One evening, Lila returned to visit. The air inside was cold, heavy with the scent of damp earth. Catherine greeted her warmly, but her smile didn’t reach her eyes. “You shouldn’t have come back,” she said softly.
“I just wanted to see if you were all right,” Lila said. “You’ve been distant.”
“I’m better now,” Catherine said. “The pain’s gone.”
Lila noticed the wound on her arm had vanished, replaced by faint gray scars. “That’s… amazing,” she said with relief.
Catherine poured tea for them both. As Lila lifted her cup, she noticed something odd—Catherine’s reflection in the window wasn’t moving the same way. It was smiling… even though Catherine wasn’t. Her hand froze midair.
“Catherine…” she whispered. “Your reflection…”
“Don’t look at it,” Catherine said quickly, her tone sharp. “Don’t—”
But it was too late. The reflection turned its gaze on Lila, eyes gleaming. Lila dropped the cup, and the world tilted. Her vision blurred, and a searing pain erupted in her right hand. She screamed, clutching it. A black line crept up her wrist.
“No…” she gasped. “Not me—”
Catherine stood motionless, tears in her eyes. “It needs to live somewhere,” she whispered. “I’m sorry, Lila.”
Lila’s cries echoed through the forest that night.
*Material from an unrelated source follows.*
(* Let $G$, $\rho$, $H$, $\{U_i\}_{i\in I}$, $\sigma$, $C$ be as in the context, and let $I_k\subseteq I$ be an orbit of $\sigma$, with a fixed element $0\in I_k$. Suppose we are given a tight compatible encoding scheme for $I_k$ on $C$, i.e. open subsets $\{D^k_i\}_{i\in I_k}$ of $C$ which are pairwise disjoint and cover $C$ up to a set of $\mu_C$-measure zero, such that $h\cdot D^k_i = D^k_{\sigma(i,h^{-1})}$ for all $h\in H$, $i\in I_k$, and set $E^k_i:=D^k_i$ for all $i\in I_k$. For $i\in I_k$ choose $c_i\in H$ with $c_i\cdot E^k_0=E^k_i$. For $x\in C$ lying in $D^k_j$ write $U(x):=U_j$ (defined for $\mu_C$-almost every $x$). For $i\in I_k$ define the channel $$\mathcal T^k_i(\tau):=\frac{1}{\mu_C(E^k_i)}\int_{G\times C} dg\,dx\;\mathbb 1_{E^k_i}(x)\,\big[\rho(g)^\dagger U(g\cdot x)\rho(g)\,U_i^\dagger\big](\tau)$$ on density matrices $\tau$ on $V$ (this is the effective channel, in Alice's frame, of the tight teleportation procedure when Alice obtains measurement result $i$ and sends a uniformly random reading $x\in E^k_i$, Bob receives $g\cdot x$ and applies $U(g\cdot x)$, with $g$ Haar-distributed). Then $$\mathcal T^k_i=\frac{|I_k|}{\mu_C(E^k_0)}\,[\rho(c_i)]\circ\left(\int_G dg\;p(g)\,\big[\rho(g)^\dagger U_0\rho(g)U_0^\dagger\big]\right)\circ[\rho(c_i)^\dagger],$$ where $p(g):=\int_{C}dx\,\mathbb 1_{E^k_0}(x)\,\mathbb 1_{D^k_0}(g\cdot x)=\mu_C\big(E^k_0\cap g^{-1}\cdot D^k_0\big)$.
   Context: $G$ is a compact Lie group with normalised Haar measure $dg$, and $\rho:G\to U(V)$ is a unitary representation on a Hilbert space $V\cong\mathbb C^d$. For an operator $M$ on $V$, $[M]$ denotes the map $\tau\mapsto M\tau M^\dagger$, and $\circ$ is composition of maps. A unitary error basis (UEB) is a family $\{U_i\}_{i\in I}$, $|I|=d^2$, of unitaries on $V$ with $\frac1d\mathrm{Tr}(U_i^\dagger U_j)=\delta_{ij}$. $H\subseteq G$ is a finite subgroup and $\{U_i\}_{i\in I}$ is $H$-equivariant: there is a right action $\sigma:I\times H\to I$ and phases $\alpha(i,h)\in U(1)$ with $\rho(h)^\dagger U_i\rho(h)=\alpha(i,h)U_{\sigma(i,h)}$ for all $h\in H$, $i\in I$. $C$ is a smooth manifold with a normalised measure $\mu_C$ (written $dx$) carrying a smooth, measure-preserving left action $G\times C\to C$, $(g,x)\mapsto g\cdot x$. $\mathbb 1_S$ denotes the indicator function of a set $S$. *)

theory Defs
  imports "HOL-Analysis.Analysis" "HOL-Probability.Probability"
begin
When the villagers arrived the next morning, they found the house empty—no sign of either woman. Only a mirror lay on the table, cracked but whole again, reflecting two faces where there should have been one.
Years later, travelers passing through the ruins of Hollowbrook still tell the story. They speak of a woman with a blackened arm wandering the forest, whispering for help. Others say they’ve seen her reflection move long after she’s gone. The wound, they say, was never meant to heal—it only waits for the next soul to claim.
And sometimes, when you look too long into an old mirror in a quiet room, you might notice your reflection smiling when you aren’t. Then you’ll feel it—a sting in your hand, small at first, but growing. And no matter how much you clean it, how much you pray, it will never close. Because the curse has found you.
The wound that never heals… has begun again.